Я читал и перечитывал Вашу пьесу и все же не знал ее, ибо как нельзя более верно, что подлинные драматические произведения родятся только в свете рампы! Рукопись очаровала меня; спектакль потряс. Эта Декле — я видел ее впервые — вначале показалась мне уродливой, худой, вульгарной, а голос ее — сиплым; но через несколько минут это была уже не она, а нечто в тысячу раз более значительное и прекрасное — Ваша пьеса в сером платье…

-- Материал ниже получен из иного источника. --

(* psi is multiplicative: the two coordinate product laws, with  Ay = \<phi>(Ax). *)
lemma psi_mult:
  assumes g: "g \<in> L" and h: "h \<in> L"
  shows "psi (g \<otimes>\<^bsub>G\<^esub> h) = psi g \<otimes>\<^bsub>TW\<^esub> psi h"
proof -
  obtain x y where g: "g = (x, y)" "x \<in> carrier S" "y \<in> carrier S" "A #> y = \<phi> (A #> x)"
    using assms unfolding L_def by blast
  obtain x' y' where h: "h = (x', y')" "x' \<in> carrier S" "y' \<in> carrier S" "A #> y' = \<phi> (A #> x')"
    using assms unfolding L_def by blast
  have "inv\<^bsub>T\<^esub> (A #> y) = \<phi> (inv\<^bsub>T\<^esub> (A #> x))"
    using g phi_inv coset_closed by simp
  then have "left_coord (y' \<otimes> y) =
      left_coord y \<otimes> cact S u (\<phi> (inv\<^bsub>T\<^esub> (A #> x))) (left_coord y') \<otimes>
      cact S u (inv\<^bsub>T\<^esub> (\<phi> (A #> x') \<otimes>\<^bsub>T\<^esub> \<phi> (A #> x))) (cocyc S A u (\<phi> (A #> x')) (\<phi> (A #> x)))"
    using left_coord_mult[OF g(3) h(3)] g(4) h(4) by simp
  then show ?thesis
    using g h right_coord_mult[OF g(2) h(2)]
    by (simp add: psi_def twisted_sdp_def rcos_sum)
qed

lemma psi_iso: "psi \<in> iso (G\<lparr>carrier := L\<rparr>) TW"
proof -
  have "psi \<in> L \<rightarrow> carrier TW"
    using psi_bij by (auto simp: bij_betw_def twisted_sdp_def)
  then show ?thesis
    using psi_bij psi_mult by (simp add: iso_def hom_def twisted_sdp_def)
qed

definition defect :: "'a \<times> 'a \<Rightarrow> 'a set" where
  "defect z = inv\<^bsub>T\<^esub> (A #> snd z) \<otimes>\<^bsub>T\<^esub> \<phi> (A #> fst z)"

lemma defect_closed: "z \<in> carrier G \<Longrightarrow> defect z \<in> carrier T"
  using group.inv_closed[OF T_group] monoid.m_closed[OF group.axioms(1)[OF T_group]]
  by (auto simp: defect_def coset_closed phi_closed)

lemma kernel_defect: "kernel G T defect = L"
proof -
  interpret T: group T by (rule T_group)
  have "defect (x, y) = \<one>\<^bsub>T\<^esub> \<longleftrightarrow> A #> y = \<phi> (A #> x)"
    if "x \<in> carrier S" "y \<in> carrier S" for x y
  proof -
    have cl: "A #> y \<in> carrier T" "\<phi> (A #> x) \<in> carrier T"
      using that coset_closed phi_closed by auto
    have "defect (x, y) = \<one>\<^bsub>T\<^esub> \<longleftrightarrow> \<phi> (A #> x) = (A #> y) \<otimes>\<^bsub>T\<^esub> \<one>\<^bsub>T\<^esub>"
      unfolding defect_def fst_conv snd_conv by (intro T.inv_solve_left' cl T.one_closed)
    then show ?thesis using T.r_one[OF cl(1)] by metis
  qed
  then show ?thesis by (auto simp: kernel_def L_def)
qed

lemma defect_classifies_cosets:
  assumes g: "g \<in> carrier G" and g': "g' \<in> carrier G"
  shows "defect g = defect g' \<longleftrightarrow> g <#\<^bsub>G\<^esub> L = g' <#\<^bsub>G\<^esub> L"
proof -
  interpret T: group T by (rule T_group)
  obtain x y x' y' where xy: "g = (x, y)" "x \<in> carrier S" "y \<in> carrier S"
    and xy': "g' = (x', y')" "x' \<in> carrier S" "y' \<in> carrier S"
    using g g' by auto
  have cl: "A #> x \<in> carrier T" "A #> y \<in> carrier T" "A #> x' \<in> carrier T" "A #> y' \<in> carrier T"
    using xy xy' coset_closed by auto
  have "g <#\<^bsub>G\<^esub> L = g' <#\<^bsub>G\<^esub> L \<longleftrightarrow> inv\<^bsub>G\<^esub> g \<otimes>\<^bsub>G\<^esub> g' \<in> L"
    by (rule group.l_coset_eq_iff[OF G_group L_subgroup g g'])
  also have "\<dots> \<longleftrightarrow> A #> (y' \<otimes> inv y) = \<phi> (A #> (inv x \<otimes> x'))"
    using xy xy' G_inv by (simp add: L_def)
  also have "\<dots> \<longleftrightarrow> (A #> y') \<otimes>\<^bsub>T\<^esub> inv\<^bsub>T\<^esub> (A #> y) = \<phi> (A #> x') \<otimes>\<^bsub>T\<^esub> inv\<^bsub>T\<^esub> (\<phi> (A #> x))"
    using xy xy' cl
    by (simp only: coset_mult[symmetric] coset_inv inv_closed coset_closed phi_mult T.inv_closed phi_inv[symmetric])
  also have "\<dots> \<longleftrightarrow> defect g = defect g'"
    unfolding defect_def xy xy' fst_conv snd_conv
    by (rule T.inv_mult_eq_iff[symmetric]) (use cl phi_closed in auto)
  finally show ?thesis by (rule sym)
qed

lemma defect_onto: "defect ` carrier G = carrier T"
proof (intro equalityI subsetI)
  interpret T: group T by (rule T_group)
  fix t assume t: "t \<in> carrier T"
  have coset_inv_u: "A #> inv (u t) = inv\<^bsub>T\<^esub> t"
    using coset_inv[OF u_closed[OF t]] coset_u[OF t] by simp
  have "defect (\<one>, inv (u t)) = inv\<^bsub>T\<^esub> (inv\<^bsub>T\<^esub> t) \<otimes>\<^bsub>T\<^esub> \<phi> \<one>\<^bsub>T\<^esub>"
    by (simp only: defect_def fst_conv snd_conv coset_one coset_inv_u)
  also have "\<dots> = t"
    by (simp only: phi_one T.inv_inv[OF t] T.r_one[OF t])
  finally have "defect (\<one>, inv (u t)) = t" .
  moreover have "(\<one>, inv (u t)) \<in> carrier G" using u_closed[OF t] by simp
  ultimately show "t \<in> defect ` carrier G" by (metis image_eqI)
qed (use defect_closed in blast)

Моя жена и я были одни в ложе бенуара; как эгоисты, мы не хотели делиться впечатлениями от такого спектакля с людьми равнодушными. Мы вышли из театра ошеломленные. Алекс сказала: «Твой друг устроил бал на полторы тысячи человек на туго натянутом канате, — я спрашиваю себя, каким чудом мы все не сломали себе шею; но это не имеет значения — я довольна, что пошла туда». Что касается меня, то я пока еще не рассуждаю и не размышляю; мне кажется, что на меня хлынул целый поток мыслей, что я попал в водоворот и опомнюсь не сразу. В ожидании этой минуты я наслаждаюсь вполне бескорыстной радостью, какую испытывает всякий честный человек, встретив личность более значительную, чем он сам, более значительную, чем все остальные, — совершенный ум, который природа творит один раз в пятьдесят лет…»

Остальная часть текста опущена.